Midway through that more box and wall art ideas keep coming. I hope I can pull some of them off.

I'm also collaborating with a fellow LJ and artist, Ross, on a box.

Exciting times. So why do I feel anxious. Last year it was because I feared I'd lost interest. I could understand that. This time its because I hope it all works out and nothing gets in the way of being able to do it all; ill health (I'm not feeling 100% right now), loss of facilities (we rent, what if we have to move) money or any of a number of other things.

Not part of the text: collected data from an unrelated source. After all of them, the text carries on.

definition ollivier_curv :: "('a \<Rightarrow> 'a \<Rightarrow> bool) \<Rightarrow> 'a \<Rightarrow> 'a \<Rightarrow> real" where
  "ollivier_curv E x y = 1 - wasserstein1 (\<lambda>u v. real (gdist E u v))
      (nbhd E x) (unif_nbhd E x) (nbhd E y) (unif_nbhd E y)"

end

theory Submission
  imports Defs
begin

text \<open>Without triangles the neighbourhoods of x and y are disjoint, so every unit of mass
  travels distance at least 1, and exactly 1 only along edges between N(x) and N(y); hence
  W1(m_x, m_y) \<ge> 1, with equality for the transport plan of a perfect matching. If there is
  no perfect matching, Hall's theorem yields S \<subseteq> N(x) whose neighbourhood in N(y) is smaller
  than S. The mass leaving S along edges is at most |N(S) \<inter> N(y)|/d, so at least 1/d of the
  total mass travels distance at least 2, and W1(m_x, m_y) \<ge> 1 + 1/d.\<close>

definition hall_condition :: "'a set \<Rightarrow> ('a \<Rightarrow> 'b set) \<Rightarrow> bool" where
  "hall_condition A N \<longleftrightarrow> (\<forall>S\<subseteq>A. card S \<le> card (\<Union>(N ` S)))"

lemma hall_condition_subset:
  "hall_condition A N \<Longrightarrow> B \<subseteq> A \<Longrightarrow> hall_condition B N"
  unfolding hall_condition_def by blast

lemma hall_condition_nonempty:
  "hall_condition A N \<Longrightarrow> a \<in> A \<Longrightarrow> N a \<noteq> {}"
  unfolding hall_condition_def by (force dest: spec[of _ "{a}"])

lemma hall_condition_Diff_critical:
  assumes hall: "hall_condition A N" and "S \<subseteq> A" and "finite A"
    and critical: "card (\<Union>(N ` S)) = card S"
  shows "hall_condition (A - S) (\<lambda>a. N a - \<Union>(N ` S))"
  unfolding hall_condition_def
proof (intro allI impI)
  fix T assume T: "T \<subseteq> A - S"
  have TS: "T \<union> S \<subseteq> A" "T \<inter> S = {}"
    using T \<open>S \<subseteq> A\<close> by auto
  have "card T + card S = card (T \<union> S)"
    using TS \<open>finite A\<close> by (intro card_Un_disjoint[symmetric]) (auto intro: rev_finite_subset)
  also have "\<dots> \<le> card (\<Union>(N ` (T \<union> S)))"
    using hall TS(1) unfolding hall_condition_def by blast
  also have "\<Union>(N ` (T \<union> S)) = (\<Union>a\<in>T. N a - \<Union>(N ` S)) \<union> \<Union>(N ` S)"
    by auto
  also have "card \<dots> \<le> card (\<Union>a\<in>T. N a - \<Union>(N ` S)) + card S"
    using card_Un_le[of "\<Union>a\<in>T. N a - \<Union>(N ` S)" "\<Union>(N ` S)"] critical by simp
  finally show "card T \<le> card (\<Union>a\<in>T. N a - \<Union>(N ` S))"
    by simp
qed

lemma hall_condition_Diff_singleton:
  assumes surplus: "\<And>S. S \<subseteq> A \<Longrightarrow> S \<noteq> {} \<Longrightarrow> S \<noteq> A \<Longrightarrow> card S < card (\<Union>(N ` S))"
    and "a \<in> A"
  shows "hall_condition (A - {a}) (\<lambda>c. N c - {b})"
  unfolding hall_condition_def
proof (intro allI impI)
  fix T assume T: "T \<subseteq> A - {a}"
  show "card T \<le> card (\<Union>c\<in>T. N c - {b})"
  proof (cases "T = {}")
    case False
    then have "card T < card (\<Union>(N ` T))"
      using surplus T \<open>a \<in> A\<close> by blast
    moreover have "(\<Union>c\<in>T. N c - {b}) = \<Union>(N ` T) - {b}"
      by blast
    ultimately show ?thesis
      by (auto simp: card_Diff_singleton_if)
  qed simp
qed

text \<open>Halmos--Vaughan induction: a proper nonempty critical set S (with |N(S)| = |S|) splits
  the problem into S and A - S with N(S) removed; if there is none, every set has surplus and
  any single pair a, b with b \<in> N a can be fixed first.\<close>

theorem hall_marriage:
  assumes "finite A" and "hall_condition A N"
  shows "\<exists>f. inj_on f A \<and> (\<forall>a\<in>A. f a \<in> N a)"
  using assms
proof (induction "card A" arbitrary: A N rule: less_induct)
  case less
  show ?case
  proof (cases "\<exists>S. S \<subseteq> A \<and> S \<noteq> {} \<and> S \<noteq> A \<and> card (\<Union>(N ` S)) \<le> card S")
    case True
    then obtain S where S: "S \<subseteq> A" "S \<noteq> {}" "S \<noteq> A" and tight: "card (\<Union>(N ` S)) \<le> card S"
      by blast
    have "finite S"
      using S(1) less.prems(1) by (rule finite_subset)
    have critical: "card (\<Union>(N ` S)) = card S"
      using tight less.prems(2) S(1) unfolding hall_condition_def by (meson le_antisym)
    have "card S < card A"
      using S less.prems(1) by (intro psubset_card_mono) auto
    have "card (A - S) < card A"
      using S less.prems(1) by (intro psubset_card_mono) auto
    obtain f where f: "inj_on f S" "\<forall>a\<in>S. f a \<in> N a"
      using less.hyps[OF \<open>card S < card A\<close> \<open>finite S\<close>]
        hall_condition_subset[OF less.prems(2) S(1)] by blast
    obtain g where g: "inj_on g (A - S)" "\<forall>a\<in>A - S. g a \<in> N a - \<Union>(N ` S)"
      using less.hyps[OF \<open>card (A - S) < card A\<close> finite_Diff[OF less.prems(1)]]
        hall_condition_Diff_critical[OF less.prems(2) S(1) less.prems(1) critical] by blast
    define h where "h a = (if a \<in> S then f a else g a)" for a
    have "f ` S \<inter> g ` (A - S) = {}"
      using f(2) g(2) by fastforce
    then have "inj_on h (S \<union> (A - S))"
      unfolding h_def using f(1) g(1) by (intro inj_on_disjoint_Un)
    moreover have "S \<union> (A - S) = A"
      using S(1) by blast
    moreover have "h a \<in> N a" if "a \<in> A" for a
      using f(2) g(2) that unfolding h_def by auto
    ultimately show ?thesis
      by auto
  next
    case no_tight: False
    show ?thesis
    proof (cases "A = {}")
      case False
      then obtain a where "a \<in> A"
        by blast
      then obtain b where "b \<in> N a"
        using hall_condition_nonempty[OF less.prems(2) \<open>a \<in> A\<close>] by blast
      have "card (A - {a}) < card A"
        using \<open>a \<in> A\<close> less.prems(1) by (intro psubset_card_mono) auto
      moreover have "hall_condition (A - {a}) (\<lambda>c. N c - {b})"
      proof (rule hall_condition_Diff_singleton[OF _ \<open>a \<in> A\<close>])
        fix S assume "S \<subseteq> A" "S \<noteq> {}" "S \<noteq> A"
        then show "card S < card (\<Union>(N ` S))"
          using no_tight by (meson not_le)
      qed
      ultimately obtain g where g: "inj_on g (A - {a})" "\<forall>c\<in>A - {a}. g c \<in> N c - {b}"
        using less.hyps[OF _ finite_Diff[OF less.prems(1)]] by blast
      have "b \<notin> g ` (A - {a})"
        using g(2) by blast
      then have "inj_on (g(a := b)) A"
        using g(1) unfolding inj_on_def by (metis DiffI fun_upd_other fun_upd_same image_eqI singletonD)
      moreover have "(g(a := b)) c \<in> N c" if "c \<in> A" for c
        using g(2) \<open>b \<in> N a\<close> that by auto
      ultimately show ?thesis
        by auto
    qed simp
  qed
qed

lemma perfect_matching_if_hall_condition:
  assumes "finite X" and "finite Y" and "card X = card Y"
    and "hall_condition X (\<lambda>a. {v \<in> Y. R a v})"
  shows "\<exists>\<sigma>. bij_betw \<sigma> X Y \<and> (\<forall>a\<in>X. R a (\<sigma> a))"
proof -
  obtain \<sigma> where \<sigma>: "inj_on \<sigma> X" "\<forall>a\<in>X. \<sigma> a \<in> {v \<in> Y. R a v}"
    using hall_marriage[OF assms(1,4)] by blast
  have "\<sigma> ` X \<subseteq> Y"
    using \<sigma>(2) by blast
  moreover have "card (\<sigma> ` X) = card Y"
    using card_image[OF \<sigma>(1)] assms(3) by simp
  ultimately have "\<sigma> ` X = Y"
    using card_subset_eq[OF assms(2)] by blast
  then show ?thesis
    using \<sigma> unfolding bij_betw_def by blast
qed

definition transport_cost ::
    "('a \<Rightarrow> 'a \<Rightarrow> real) \<Rightarrow> 'a set \<Rightarrow> 'a set \<Rightarrow> ('a \<Rightarrow> 'a \<Rightarrow> real) \<Rightarrow> real" where
  "transport_cost c S T \<pi> = (\<Sum>u\<in>S. \<Sum>v\<in>T. \<pi> u v * c u v)"

lemma wasserstein1_eq_Inf_transport_cost:
  "wasserstein1 c S \<mu> T \<nu> = Inf (transport_cost c S T ` Collect (coupling S \<mu> T \<nu>))"
  unfolding wasserstein1_def transport_cost_def by (rule arg_cong[where f = Inf]) blast

lemma coupling_total_mass:
  "coupling S \<mu> T \<nu> \<pi> \<Longrightarrow> (\<Sum>u\<in>S. \<Sum>v\<in>T. \<pi> u v) = sum \<mu> S"
  unfolding coupling_def by (intro sum.cong) auto

lemma coupling_product:
  assumes "sum \<mu> S = 1" and "sum \<nu> T = 1"
    and "\<And>u. u \<in> S \<Longrightarrow> 0 \<le> \<mu> u" and "\<And>v. v \<in> T \<Longrightarrow> 0 \<le> \<nu> v"
  shows "coupling S \<mu> T \<nu> (\<lambda>u v. if u \<in> S \<and> v \<in> T then \<mu> u * \<nu> v else 0)"
  using assms unfolding coupling_def
  by (auto simp: sum_distrib_left[symmetric] sum_distrib_right[symmetric])

lemma coupling_of_bij_betw:
  assumes \<sigma>: "bij_betw \<sigma> S T" and "finite T" and "0 \<le> w"
    and \<mu>: "\<And>u. u \<in> S \<Longrightarrow> \<mu> u = w" and \<nu>: "\<And>v. v \<in> T \<Longrightarrow> \<nu> v = w"
  shows "coupling S \<mu> T \<nu> (\<lambda>u v. if u \<in> S \<and> v = \<sigma> u then w else 0)"
  unfolding coupling_def
proof (intro conjI allI ballI impI)
  fix u v
  show "0 \<le> (if u \<in> S \<and> v = \<sigma> u then w else 0)"
    using \<open>0 \<le> w\<close> by simp
  assume "u \<notin> S \<or> v \<notin> T"
  then show "(if u \<in> S \<and> v = \<sigma> u then w else 0) = 0"
    using bij_betw_apply[OF \<sigma>] by auto
next
  fix u assume "u \<in> S"
  then show "(\<Sum>v\<in>T. if u \<in> S \<and> v = \<sigma> u then w else 0) = \<mu> u"
    using \<mu> bij_betw_apply[OF \<sigma>] \<open>finite T\<close> by simp
next
  fix v assume "v \<in> T"
  have "(\<Sum>u\<in>S. if u \<in> S \<and> v = \<sigma> u then w else 0) = (\<Sum>u\<in>S. if v = \<sigma> u then w else 0)"
    by (intro sum.cong) auto
  also have "\<dots> = (\<Sum>v'\<in>T. if v = v' then w else 0)"
    using sum.reindex_bij_betw[OF \<sigma>, of "\<lambda>v'. if v = v' then w else 0"] by simp
  also have "\<dots> = \<nu> v"
    using \<nu> \<open>v \<in> T\<close> \<open>finite T\<close> by simp
  finally show "(\<Sum>u\<in>S. if u \<in> S \<and> v = \<sigma> u then w else 0) = \<nu> v" .
qed

lemma transport_cost_of_bij_betw:
  assumes "bij_betw \<sigma> S T" and "finite T"
  shows "transport_cost c S T (\<lambda>u v. if u \<in> S \<and> v = \<sigma> u then w else 0)
    = w * (\<Sum>u\<in>S. c u (\<sigma> u))"
  unfolding transport_cost_def sum_distrib_left
proof (intro sum.cong refl)
  fix u assume "u \<in> S"
  then have "(\<Sum>v\<in>T. (if u \<in> S \<and> v = \<sigma> u then w else 0) * c u v)
      = (\<Sum>v\<in>T. if v = \<sigma> u then w * c u (\<sigma> u) else 0)"
    by (intro sum.cong) auto
  also have "\<dots> = w * c u (\<sigma> u)"
    using bij_betw_apply[OF assms(1) \<open>u \<in> S\<close>] assms(2) by simp
  finally show "(\<Sum>v\<in>T. (if u \<in> S \<and> v = \<sigma> u then w else 0) * c u v) = w * c u (\<sigma> u)" .
qed

locale matching_cost =
  fixes X Y :: "'a set" and \<mu> \<nu> :: "'a \<Rightarrow> real"
    and c :: "'a \<Rightarrow> 'a \<Rightarrow> real" and R :: "'a \<Rightarrow> 'a \<Rightarrow> bool"
  assumes finite_X: "finite X" and finite_Y: "finite Y"
    and X_nonempty: "X \<noteq> {}" and card_Y: "card Y = card X"
    and \<mu>_uniform: "\<And>u. u \<in> X \<Longrightarrow> \<mu> u = 1 / card X"
    and \<nu>_uniform: "\<And>v. v \<in> Y \<Longrightarrow> \<nu> v = 1 / card X"
    and cost_ge_1: "\<And>u v. u \<in> X \<Longrightarrow> v \<in> Y \<Longrightarrow> 1 \<le> c u v"
    and cost_related: "\<And>u v. u \<in> X \<Longrightarrow> v \<in> Y \<Longrightarrow> R u v \<Longrightarrow> c u v = 1"
    and cost_unrelated: "\<And>u v. u \<in> X \<Longrightarrow> v \<in> Y \<Longrightarrow> \<not> R u v \<Longrightarrow> 2 \<le> c u v"
begin

lemma card_X_pos: "0 < card X"
  using finite_X X_nonempty by (simp add: card_gt_0_iff)

lemma sum_\<mu>: "sum \<mu> X = 1"
  using \<mu>_uniform card_X_pos by simp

One thing I'm resolved to do is carry on with this stuff as long as and in any way I'm able to. The woodwork and being here on LJ's ,with all the support I get from you lot, has made these last two years happier and more productive than any for a long time. So, whether you like it or not, I will be carrying on carrying on (ooer missus - in best Kenneth Williams voice).

Be seeing you.


----------



## alba (Jul 31, 2010)

BritBoxmaker said:


> *Then again, sometimes you win.*
> 
> I wrote last year about getting stuck, no ideas, no drive and no interest.
> 
> ...


Martyn your so right

These are a great bunch of Buddies

and that includes you too.

I admire your work, I enjoy it and I

try not to interpret it

So thank you for being there

jamie


----------



## scrollgirl (May 28, 2010)

BritBoxmaker said:


> *Then again, sometimes you win.*
> 
> I wrote last year about getting stuck, no ideas, no drive and no interest.
> 
> ...


Oh, how I understand this dilemma you are going through! I often say in my blog how grateful I am every single day. I fear I 'gush' about it a bit too often than others care to hear, but I have many of the same fears that you have.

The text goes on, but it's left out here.